The Hong Kong Trade Development Council (HKTDC) estimates that Hong Kong exports in 2012 will grow by only one per cent in value, while dropping by three per cent in volume as growth slows in Europe and the United States.


HKTDC Chief Economist Edward Leung today presented his export forecast in a press conference, noting that the HKTDC Export Index dropped to 40.6 in the fourth quarter, reflecting the prevailing pessimism in the city’s export sector. The HKTDC Export Index is designed to monitor the export performance of Hong Kong traders and gauge their near-term prospects. A reading below 50 indicates a pessimistic sentiment during the quarter and signals contraction in Hong Kong exports over the short term.


“This is the second consecutive quarter with a reading below the watershed of 50. The decline in export sentiment is across the board,” Mr Leung said. “While all major industries reported their lowest readings in two years, the sub-index for the Chinese mainland also fell, to 49.5 – below 50 for the first time in two years.”


Consumption Concerns
Looking ahead, Mr Leung warned that import demand in most traditional markets would be subdued. US growth will remain hesitant, and fiscal austerity will be ubiquitous in Europe, even if there is a workable solution to the current crisis. The production environment on the Chinese mainland is also daunting. Hong Kong companies will continue to confront higher wages on the mainland, as well as an appreciating renminbi.


 

“The mainland’s export price index began to rise in May 2010, and the trend is likely to continue.
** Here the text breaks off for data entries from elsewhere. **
(* Let $d\ge1$, let $Z$ be a simple $d$-cycle, and let $D\subseteq\mathrm{Supp}(Z)$. Then the graph obtained from $G_d(Z)$ by deleting the vertices corresponding to $D$ has at most $1+\tilde\beta_{d-1}(K(D))$ connected components, where $\tilde\beta_{d-1}(K(D))=\dim\tilde H_{d-1}(K(D))$.
   Context: Fix a field $\mathbb F$. A $d$-simplex is a $(d+1)$-element subset of $[n]$ oriented by increasing order $s_1<\dots<s_{d+1}$; the empty set is the $(-1)$-simplex. A $d$-chain is a formal $\mathbb F$-combination of $d$-simplices with support the set of simplices with nonzero coefficient; $\partial\sigma=\sum_i(-1)^{i-1}(\sigma\setminus\{s_i\})$, extended linearly (reduced convention). A $d$-cycle is a chain with $\partial Z=0$; it is simple if $Z\ne0$ and every $d$-cycle supported in $\mathrm{Supp}(Z)$ is a scalar multiple of $Z$. For a set $S$ of simplices, $K(S)$ is the complex of all subsets of members of $S$; $\tilde H_{d-1}(K)$ is the space of $(d-1)$-cycles supported on $K$ modulo $\{\partial B: B$ a $d$-chain supported on $K\}$. The facet graph $G_d(Z)$ has vertex set $\mathrm{Supp}(Z)$, two $d$-simplices adjacent iff they share a $(d-1)$-face. *)

theory Defs
  imports Complex_Main "HOL-Library.Function_Algebras"
begin

definition simplex :: "nat \<Rightarrow> nat \<Rightarrow> nat set \<Rightarrow> bool" where
  "simplex n d \<sigma> \<longleftrightarrow> \<sigma> \<subseteq> {1..n} \<and> card \<sigma> = d + 1"

definition supp :: "(nat set \<Rightarrow> 'a::zero) \<Rightarrow> nat set set" where
  "supp c = {\<sigma>. c \<sigma> \<noteq> 0}"

definition is_chain :: "nat \<Rightarrow> nat \<Rightarrow> (nat set \<Rightarrow> 'a::zero) \<Rightarrow> bool" where
  "is_chain n d c \<longleftrightarrow> supp c \<subseteq> {\<sigma>. simplex n d \<sigma>}"

text \<open>Boundary (reduced convention): the coefficient of tau in the boundary of c
is the sum over v not in tau of (-1)^(i-1) c(tau + v), where i is the position of
v in the increasingly ordered simplex tau + v, i.e. i - 1 = #{x in tau. x < v}.\<close>
definition bd :: "nat \<Rightarrow> (nat set \<Rightarrow> 'a::comm_ring_1) \<Rightarrow> nat set \<Rightarrow> 'a" where
  "bd n c \<tau> = (\<Sum>v \<in> {1..n} - \<tau>. (-1) ^ card {x \<in> \<tau>. x < v} * c (insert v \<tau>))"

definition is_cycle :: "nat \<Rightarrow> nat \<Rightarrow> (nat set \<Rightarrow> 'a::comm_ring_1) \<Rightarrow> bool" where
  "is_cycle n d Z \<longleftrightarrow> is_chain n d Z \<and> bd n Z = (\<lambda>_. 0)"

definition simple_cycle :: "nat \<Rightarrow> nat \<Rightarrow> (nat set \<Rightarrow> 'a::field) \<Rightarrow> bool" where
  "simple_cycle n d Z \<longleftrightarrow> is_cycle n d Z \<and> Z \<noteq> (\<lambda>_. 0) \<and>
     (\<forall>Y. is_cycle n d Y \<and> supp Y \<subseteq> supp Z \<longrightarrow> (\<exists>a. Y = (\<lambda>\<sigma>. a * Z \<sigma>)))"

definition cplx :: "nat set set \<Rightarrow> nat set set" where
  "cplx S = {\<tau>. \<exists>\<sigma>\<in>S. \<tau> \<subseteq> \<sigma>}"

definition cycles_on :: "nat \<Rightarrow> nat \<Rightarrow> nat set set \<Rightarrow> (nat set \<Rightarrow> 'a::field) set" where
  "cycles_on n k K = {c. is_cycle n k c \<and> supp c \<subseteq> K}"

definition boundaries_on :: "nat \<Rightarrow> nat \<Rightarrow> nat set set \<Rightarrow> (nat set \<Rightarrow> 'a::field) set" where
  "boundaries_on n k K = {bd n B | B. is_chain n (k + 1) B \<and> supp B \<subseteq> K}"

definition cscale :: "'a::field \<Rightarrow> (nat set \<Rightarrow> 'a) \<Rightarrow> nat set \<Rightarrow> 'a" where
  "cscale a c = (\<lambda>\<sigma>. a * c \<sigma>)"

lemma vector_space_cscale: "vector_space (cscale :: 'a::field \<Rightarrow> _)"
  by unfold_locales (auto simp: cscale_def algebra_simps)

text \<open>Reduced Betti number: dim of (k-cycles on K) / (boundaries of (k+1)-chains on K),
computed as dim Z_k - dim B_k (both finite-dimensional, B_k a subspace of Z_k).\<close>
definition betti :: "'a::field itself \<Rightarrow> nat \<Rightarrow> nat \<Rightarrow> nat set set \<Rightarrow> nat" where
  "betti _ n k K = vector_space.dim (cscale :: 'a \<Rightarrow> _) (cycles_on n k K :: (nat set \<Rightarrow> 'a) set)
                 - vector_space.dim (cscale :: 'a \<Rightarrow> _) (boundaries_on n k K :: (nat set \<Rightarrow> 'a) set)"

definition facet_adj :: "nat \<Rightarrow> nat set \<Rightarrow> nat set \<Rightarrow> bool" where
  "facet_adj d \<sigma> \<tau> \<longleftrightarrow> \<sigma> \<noteq> \<tau> \<and> card (\<sigma> \<inter> \<tau>) = d"

definition num_components :: "nat \<Rightarrow> nat set set \<Rightarrow> nat" where
  "num_components d V = card (V // (rtrancl {(\<sigma>, \<tau>). \<sigma> \<in> V \<and> \<tau> \<in> V \<and> facet_adj d \<sigma> \<tau>}))"

end

theory Submission
  imports Defs
begin

text \<open>Let \<open>C\<close> range over the connected components of \<open>G\<^sub>d(Z)\<close> with \<open>D\<close> deleted and let \<open>Z|C\<close> be the
  restriction of \<open>Z\<close> to \<open>C\<close>. Since \<open>\<partial>Z = 0\<close>, a \<open>(d-1)\<close>-face on which \<open>\<partial>(Z|C)\<close> does not vanish is
  shared with a simplex of \<open>Supp(Z)\<close> outside \<open>C\<close>; that simplex is adjacent to \<open>C\<close>, hence lies in \<open>D\<close>.
  So every \<open>\<partial>(Z|C)\<close> is a \<open>(d-1)\<close>-cycle of \<open>K(D)\<close>. If \<open>\<Sum>\<^sub>C a\<^sub>C \<partial>(Z|C) = \<partial>B\<close> with \<open>B\<close> on \<open>K(D)\<close>,
  then \<open>B\<close> is supported on \<open>D\<close> and \<open>\<Sum>\<^sub>C a\<^sub>C Z|C - B\<close> is a \<open>d\<close>-cycle supported in \<open>Supp(Z)\<close>; by
  simplicity it equals \<open>\<alpha> Z\<close>, which forces \<open>a\<^sub>C = \<alpha>\<close> for all \<open>C\<close>. Hence the classes of all but one
  of the \<open>\<partial>(Z|C)\<close> are linearly independent in \<open>H\<^sub>d\<^sub>-\<^sub>1(K(D))\<close>.\<close>

lemma (in vector_space) dim_add_card_le_dim:
  assumes "finite I" and "subspace B" and "B \<subseteq> V" and "g ` I \<subseteq> V"
    and "V \<subseteq> span W" and "finite W"
    and indep_mod_B: "\<And>a. (\<Sum>i\<in>I. a i *s g i) \<in> B \<Longrightarrow> \<forall>i\<in>I. a i = 0"
  shows "dim B + card I \<le> dim V"
proof -
  have unit_sum: "(\<Sum>k\<in>I. (if k = i then 1 else 0) *s g k) = g i" if "i \<in> I" for i
  proof -
    have "(\<Sum>k\<in>I. (if k = i then 1 else 0) *s g k) = (\<Sum>k\<in>I. if k = i then g k else 0)"
      by (rule sum.cong) auto
    then show ?thesis using \<open>finite I\<close> that by simp
  qed
  have g_notin_B: "g i \<notin> B" if "i \<in> I" for i
  proof
    assume "g i \<in> B"
    then have "(\<Sum>k\<in>I. (if k = i then 1 else 0) *s g k) \<in> B" using unit_sum[OF that] by simp
    from indep_mod_B[OF this] that show False by auto
  qed
  have inj: "inj_on g I"
  proof (rule inj_onI, rule ccontr)
    fix i j assume ij: "i \<in> I" "j \<in> I" "g i = g j" "i \<noteq> j"
    let ?a = "\<lambda>k. (if k = i then 1 else 0 :: 'a) - (if k = j then 1 else 0)"
    have "(\<Sum>k\<in>I. ?a k *s g k) = g i - g j"
      by (simp add: scale_left_diff_distrib sum_subtractf unit_sum ij)
    then have "(\<Sum>k\<in>I. ?a k *s g k) \<in> B" using \<open>g i = g j\<close> subspace_0[OF \<open>subspace B\<close>] by simp
    from indep_mod_B[OF this] have "?a i = 0" using ij(1) by blast
    then show False using ij(4) by simp
  qed
  obtain b where b: "b \<subseteq> B" "independent b" "B \<subseteq> span b" "card b = dim B"
    using basis_exists by blast
  have "finite b"
    using independent_span_bound[OF \<open>finite W\<close> \<open>independent b\<close>] b(1) assms(3,5) by blast
  have disjoint: "b \<inter> g ` I = {}" using b(1) g_notin_B by blast
  have "independent (b \<union> g ` I)"
    unfolding dependent_finite[OF finite_UnI[OF \<open>finite b\<close> finite_imageI[OF \<open>finite I\<close>]]]
  proof clarify
    fix u v assume v: "v \<in> b \<union> g ` I" "u v \<noteq> 0" and zero: "(\<Sum>v\<in>b \<union> g ` I. u v *s v) = 0"
    have "(\<Sum>v\<in>b \<union> g ` I. u v *s v) = (\<Sum>v\<in>b. u v *s v) + (\<Sum>i\<in>I. u (g i) *s g i)"
      using \<open>finite b\<close> \<open>finite I\<close> disjoint inj by (simp add: sum.union_disjoint sum.reindex)
    then have sum_g: "(\<Sum>i\<in>I. u (g i) *s g i) = - (\<Sum>v\<in>b. u v *s v)"
      using zero by (metis add_eq_0_iff)
    have "(\<Sum>v\<in>b. u v *s v) \<in> B"
      using b(1) \<open>subspace B\<close> by (intro subspace_sum subspace_scale) auto
    then have u_g: "\<forall>i\<in>I. u (g i) = 0"
      using indep_mod_B[of "u \<circ> g"] subspace_neg[OF \<open>subspace B\<close>] sum_g by simp
    then have "(\<Sum>v\<in>b. u v *s v) = 0" using sum_g by simp
    then have "\<forall>v\<in>b. u v = 0" using independentD[OF b(2) \<open>finite b\<close>] by blast
    then show False using v u_g by blast
  qed
  obtain A where A: "A \<subseteq> V" "independent A" "V \<subseteq> span A" "card A = dim V"
    using basis_exists by blast
  have "finite A" using independent_span_bound[OF \<open>finite W\<close> A(2)] A(1) assms(5) by blast
  have "card (b \<union> g ` I) \<le> card A"
    using independent_span_bound[OF \<open>finite A\<close> \<open>independent (b \<union> g ` I)\<close>] b(1) assms(3,4) A(3)
    by blast
  moreover have "card (b \<union> g ` I) = dim B + card I"
    using card_Un_disjoint[OF \<open>finite b\<close> _ disjoint] \<open>finite I\<close> card_image[OF inj] b(4) by simp
  ultimately show ?thesis using A(4) by simp
qed

lemma sum_offdiag_antisym:
  fixes f :: "'b::linorder \<Rightarrow> 'b \<Rightarrow> 'a::ab_group_add"
  assumes "finite M" and antisym: "\<And>w v. w \<in> M \<Longrightarrow> v \<in> M \<Longrightarrow> w < v \<Longrightarrow> f v w = - f w v"
  shows "(\<Sum>w\<in>M. \<Sum>v\<in>M - {w}. f w v) = 0"
proof -
  let ?L = "{p \<in> M \<times> M. fst p < snd p}" and ?U = "{p \<in> M \<times> M. snd p < fst p}"
  have "(\<Sum>w\<in>M. \<Sum>v\<in>M - {w}. f w v) = (\<Sum>(w, v)\<in>(SIGMA w:M. M - {w}). f w v)"
    using \<open>finite M\<close> by (subst sum.Sigma) auto
  also have "(SIGMA w:M. M - {w}) = ?L \<union> ?U" by auto
  also have "(\<Sum>(w, v)\<in>?L \<union> ?U. f w v) = (\<Sum>(w, v)\<in>?L. f w v) + (\<Sum>(w, v)\<in>?U. f w v)"
    using \<open>finite M\<close> by (intro sum.union_disjoint) auto
  also have "?U = prod.swap ` ?L" by force
  also have "(\<Sum>(w, v)\<in>prod.swap ` ?L. f w v) = (\<Sum>(w, v)\<in>?L. - f w v)"
    by (auto simp: sum.reindex antisym intro!: sum.cong)
  finally show ?thesis by (simp add: sum_negf case_prod_unfold)
qed

lemma card_less_insert:
  assumes "w \<notin> \<rho>"
  shows "card {x \<in> insert w \<rho>. x < v} = card {x \<in> \<rho>. x < (v::nat)} + (if w < v then 1 else 0)"
proof -
  have "{x \<in> insert w \<rho>. x < v} = (if w < v then insert w {x \<in> \<rho>. x < v} else {x \<in> \<rho>. x < v})"
    by auto
  moreover have "finite {x \<in> \<rho>. x < v}" by (rule finite_subset[of _ "{..<v}"]) auto
  ultimately show ?thesis using assms by simp
qed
Hong Kong exporters, who mainly manufacture on the mainland or source there, will find it increasingly difficult to remain profitable while maintaining their price competitiveness,” Mr Leung said. “They will be unable to transfer all cost increases to buyers.” Mr Leung estimated that the total volume of exports would drop by three per cent because of weakening demand in overseas markets, with the total value barely edging up one per cent as a result of higher unit values.

 

Silver and Emerging Markets Hold Promise

In view of Hong Kong’s export challenges, Mr Leung recommended that local companies tap the opportunities offered by emerging markets, as well as such niche sectors as pet supplies and products for seniors in traditional markets. Regarding the senior, or silver market, Mr Leung said Japan, the US and most Western European countries are aging fast. But seniors in these countries are more affluent today. They are, he noted, more ready to spend for their own well-being, and on both health and non-health related products. “The silver sector offers a good chance to Hong Kong companies, which excel in product quality and service reliability,” said Mr Leung.

 

In addition, “Asian countries with huge domestic markets, such as India, Indonesia and especially the Chinese mainland, hold particular potential,” said Mr Leung. “These three countries had a combined GDP of $8 trillion in 2010, more than half that of the US economy. They also managed to maintain a fast average economic growth of six per cent to 11 per cent in real terms between 2006 and 2010.” Such commodity-exporting nations as Russia, Brazil and some Middle East countries, which are slated to benefit from sustained commodity prices, also offer opportunity, according to Mr Leung.

Innovate, Upgrade


In light of the lingering cloud hanging over the global economy, Mr Leung called on Hong Kong companies, especially small- and medium sized enterprises, to embrace these new market opportunities. They should be aware that the mainland’s export model has evolved from short production chains to an emphasis on items such as efficient supply chain management, quality assurance and the enhancement of features.


“Exporters should develop their ability to innovate and upgrade, so as to maintain their competitiveness and contain unit labour cost increases and renminbi appreciation in the long run,” said Mr Leung.